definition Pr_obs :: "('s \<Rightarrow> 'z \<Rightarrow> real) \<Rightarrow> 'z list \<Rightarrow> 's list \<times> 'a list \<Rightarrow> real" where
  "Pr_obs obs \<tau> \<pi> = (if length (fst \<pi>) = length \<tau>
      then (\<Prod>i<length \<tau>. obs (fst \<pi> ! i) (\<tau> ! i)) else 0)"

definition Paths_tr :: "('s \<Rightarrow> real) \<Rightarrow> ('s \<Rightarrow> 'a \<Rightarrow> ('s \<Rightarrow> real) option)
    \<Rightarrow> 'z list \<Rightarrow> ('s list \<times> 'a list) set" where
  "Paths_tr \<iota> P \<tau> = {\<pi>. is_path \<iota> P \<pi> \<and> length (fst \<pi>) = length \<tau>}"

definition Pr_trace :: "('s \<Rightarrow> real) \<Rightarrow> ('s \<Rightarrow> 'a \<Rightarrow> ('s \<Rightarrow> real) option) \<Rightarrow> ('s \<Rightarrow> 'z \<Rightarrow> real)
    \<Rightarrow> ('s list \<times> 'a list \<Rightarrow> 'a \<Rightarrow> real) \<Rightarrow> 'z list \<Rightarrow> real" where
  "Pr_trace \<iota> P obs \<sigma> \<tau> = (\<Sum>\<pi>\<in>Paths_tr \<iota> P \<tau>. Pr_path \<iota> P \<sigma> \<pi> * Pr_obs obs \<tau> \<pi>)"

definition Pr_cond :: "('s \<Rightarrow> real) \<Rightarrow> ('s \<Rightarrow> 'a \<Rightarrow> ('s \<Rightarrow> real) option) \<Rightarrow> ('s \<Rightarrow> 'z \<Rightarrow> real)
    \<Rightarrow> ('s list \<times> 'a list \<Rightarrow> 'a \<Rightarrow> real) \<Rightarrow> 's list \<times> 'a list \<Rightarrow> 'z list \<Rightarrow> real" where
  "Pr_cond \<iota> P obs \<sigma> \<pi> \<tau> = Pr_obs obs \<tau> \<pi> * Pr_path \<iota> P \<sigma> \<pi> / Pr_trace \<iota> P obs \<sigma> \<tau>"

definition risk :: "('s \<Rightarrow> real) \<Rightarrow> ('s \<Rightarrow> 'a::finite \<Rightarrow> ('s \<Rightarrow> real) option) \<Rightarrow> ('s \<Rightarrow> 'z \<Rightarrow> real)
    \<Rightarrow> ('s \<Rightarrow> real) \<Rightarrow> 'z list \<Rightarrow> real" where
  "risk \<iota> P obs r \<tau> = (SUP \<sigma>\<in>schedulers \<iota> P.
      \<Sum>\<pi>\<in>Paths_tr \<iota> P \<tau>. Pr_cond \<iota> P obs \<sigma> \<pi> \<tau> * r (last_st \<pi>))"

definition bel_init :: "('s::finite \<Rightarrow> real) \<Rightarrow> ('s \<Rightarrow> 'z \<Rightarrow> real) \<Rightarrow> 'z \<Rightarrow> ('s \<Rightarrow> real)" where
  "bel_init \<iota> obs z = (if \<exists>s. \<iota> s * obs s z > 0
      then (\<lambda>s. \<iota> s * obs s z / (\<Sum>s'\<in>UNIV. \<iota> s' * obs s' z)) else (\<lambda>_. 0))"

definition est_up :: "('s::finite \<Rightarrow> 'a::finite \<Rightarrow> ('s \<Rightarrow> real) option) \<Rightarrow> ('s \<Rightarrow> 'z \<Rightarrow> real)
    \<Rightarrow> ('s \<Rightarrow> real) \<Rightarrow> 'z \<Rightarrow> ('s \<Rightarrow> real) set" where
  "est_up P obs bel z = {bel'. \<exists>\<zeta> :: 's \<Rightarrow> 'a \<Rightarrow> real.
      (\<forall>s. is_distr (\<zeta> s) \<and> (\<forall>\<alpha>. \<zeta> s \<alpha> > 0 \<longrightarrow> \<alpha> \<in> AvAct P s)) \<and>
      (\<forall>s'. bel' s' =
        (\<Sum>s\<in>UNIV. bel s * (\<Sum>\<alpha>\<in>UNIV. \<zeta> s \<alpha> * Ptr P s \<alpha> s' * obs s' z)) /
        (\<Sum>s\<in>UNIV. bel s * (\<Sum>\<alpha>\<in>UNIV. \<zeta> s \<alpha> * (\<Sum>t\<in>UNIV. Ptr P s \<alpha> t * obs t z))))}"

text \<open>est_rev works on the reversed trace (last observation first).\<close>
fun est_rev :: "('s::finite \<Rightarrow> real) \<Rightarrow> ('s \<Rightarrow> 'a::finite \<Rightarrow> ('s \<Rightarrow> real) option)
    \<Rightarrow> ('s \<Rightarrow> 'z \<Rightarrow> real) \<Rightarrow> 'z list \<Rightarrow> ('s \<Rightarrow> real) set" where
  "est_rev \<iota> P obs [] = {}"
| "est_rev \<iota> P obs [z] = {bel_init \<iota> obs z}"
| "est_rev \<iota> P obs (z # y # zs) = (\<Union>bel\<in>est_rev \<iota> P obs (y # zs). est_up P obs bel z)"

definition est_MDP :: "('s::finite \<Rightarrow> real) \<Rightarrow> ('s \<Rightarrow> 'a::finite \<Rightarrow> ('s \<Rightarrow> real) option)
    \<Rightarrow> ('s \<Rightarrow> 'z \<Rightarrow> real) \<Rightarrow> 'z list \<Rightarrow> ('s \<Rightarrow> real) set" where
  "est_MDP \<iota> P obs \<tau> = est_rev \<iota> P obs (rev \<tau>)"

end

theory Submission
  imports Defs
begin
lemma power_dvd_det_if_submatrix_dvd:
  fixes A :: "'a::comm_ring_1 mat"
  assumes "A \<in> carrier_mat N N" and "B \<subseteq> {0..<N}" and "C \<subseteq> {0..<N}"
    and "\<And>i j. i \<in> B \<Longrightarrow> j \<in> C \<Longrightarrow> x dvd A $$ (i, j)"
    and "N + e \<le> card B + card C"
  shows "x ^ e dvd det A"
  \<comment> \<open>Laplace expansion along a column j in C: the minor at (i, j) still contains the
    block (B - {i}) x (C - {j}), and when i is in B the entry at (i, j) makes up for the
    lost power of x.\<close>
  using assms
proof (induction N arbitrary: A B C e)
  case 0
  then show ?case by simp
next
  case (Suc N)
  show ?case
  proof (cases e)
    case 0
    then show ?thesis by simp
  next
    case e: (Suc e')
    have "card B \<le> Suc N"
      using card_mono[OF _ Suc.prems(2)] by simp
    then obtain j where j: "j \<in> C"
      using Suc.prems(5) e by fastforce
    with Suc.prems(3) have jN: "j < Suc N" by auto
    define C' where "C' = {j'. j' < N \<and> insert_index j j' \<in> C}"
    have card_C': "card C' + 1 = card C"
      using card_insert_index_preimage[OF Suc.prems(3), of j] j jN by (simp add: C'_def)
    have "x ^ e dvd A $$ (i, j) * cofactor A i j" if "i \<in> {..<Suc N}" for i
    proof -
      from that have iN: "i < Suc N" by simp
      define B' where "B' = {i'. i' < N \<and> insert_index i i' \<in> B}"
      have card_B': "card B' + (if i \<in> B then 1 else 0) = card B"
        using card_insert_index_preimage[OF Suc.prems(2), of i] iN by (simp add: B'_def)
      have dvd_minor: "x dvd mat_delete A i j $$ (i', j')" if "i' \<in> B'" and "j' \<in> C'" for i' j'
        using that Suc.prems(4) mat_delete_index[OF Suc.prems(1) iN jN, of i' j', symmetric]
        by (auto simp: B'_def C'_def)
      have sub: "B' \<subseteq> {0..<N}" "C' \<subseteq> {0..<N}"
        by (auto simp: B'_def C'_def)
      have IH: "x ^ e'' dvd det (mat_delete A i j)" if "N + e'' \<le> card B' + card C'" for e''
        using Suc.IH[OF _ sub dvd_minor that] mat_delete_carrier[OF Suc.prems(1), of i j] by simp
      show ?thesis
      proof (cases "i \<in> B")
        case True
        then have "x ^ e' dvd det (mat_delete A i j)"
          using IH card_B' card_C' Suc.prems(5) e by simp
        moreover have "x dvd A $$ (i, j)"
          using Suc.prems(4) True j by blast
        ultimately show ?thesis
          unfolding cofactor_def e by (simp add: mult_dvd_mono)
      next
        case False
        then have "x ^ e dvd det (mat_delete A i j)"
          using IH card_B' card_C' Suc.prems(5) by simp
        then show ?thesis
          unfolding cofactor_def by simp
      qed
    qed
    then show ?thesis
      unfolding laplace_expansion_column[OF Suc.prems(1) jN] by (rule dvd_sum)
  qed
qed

-----

DIRECTIONS FOR THIS TASK » Transcribe, exactly and without additions, the lines of the records above, beginning with the line that contains "then show ?case by simp" and ending with the line that contains "using card_insert_index_preimage[OF Suc.prems(2), of", both included.

EXERCISE ANSWER »
  then show ?case by simp
next
  case (Suc N)
  show ?case
  proof (cases e)
    case 0
    then show ?thesis by simp
  next
    case e: (Suc e')
    have "card B \<le> Suc N"
      using card_mono[OF _ Suc.prems(2)] by simp
    then obtain j where j: "j \<in> C"
      using Suc.prems(5) e by fastforce
    with Suc.prems(3) have jN: "j < Suc N" by auto
    define C' where "C' = {j'. j' < N \<and> insert_index j j' \<in> C}"
    have card_C': "card C' + 1 = card C"
      using card_insert_index_preimage[OF Suc.prems(3), of j] j jN by (simp add: C'_def)
    have "x ^ e dvd A $$ (i, j) * cofactor A i j" if "i \<in> {..<Suc N}" for i
    proof -
      from that have iN: "i < Suc N" by simp
      define B' where "B' = {i'. i' < N \<and> insert_index i i' \<in> B}"
      have card_B': "card B' + (if i \<in> B then 1 else 0) = card B"
        using card_insert_index_preimage[OF Suc.prems(2), of i] iN by (simp add: B'_def)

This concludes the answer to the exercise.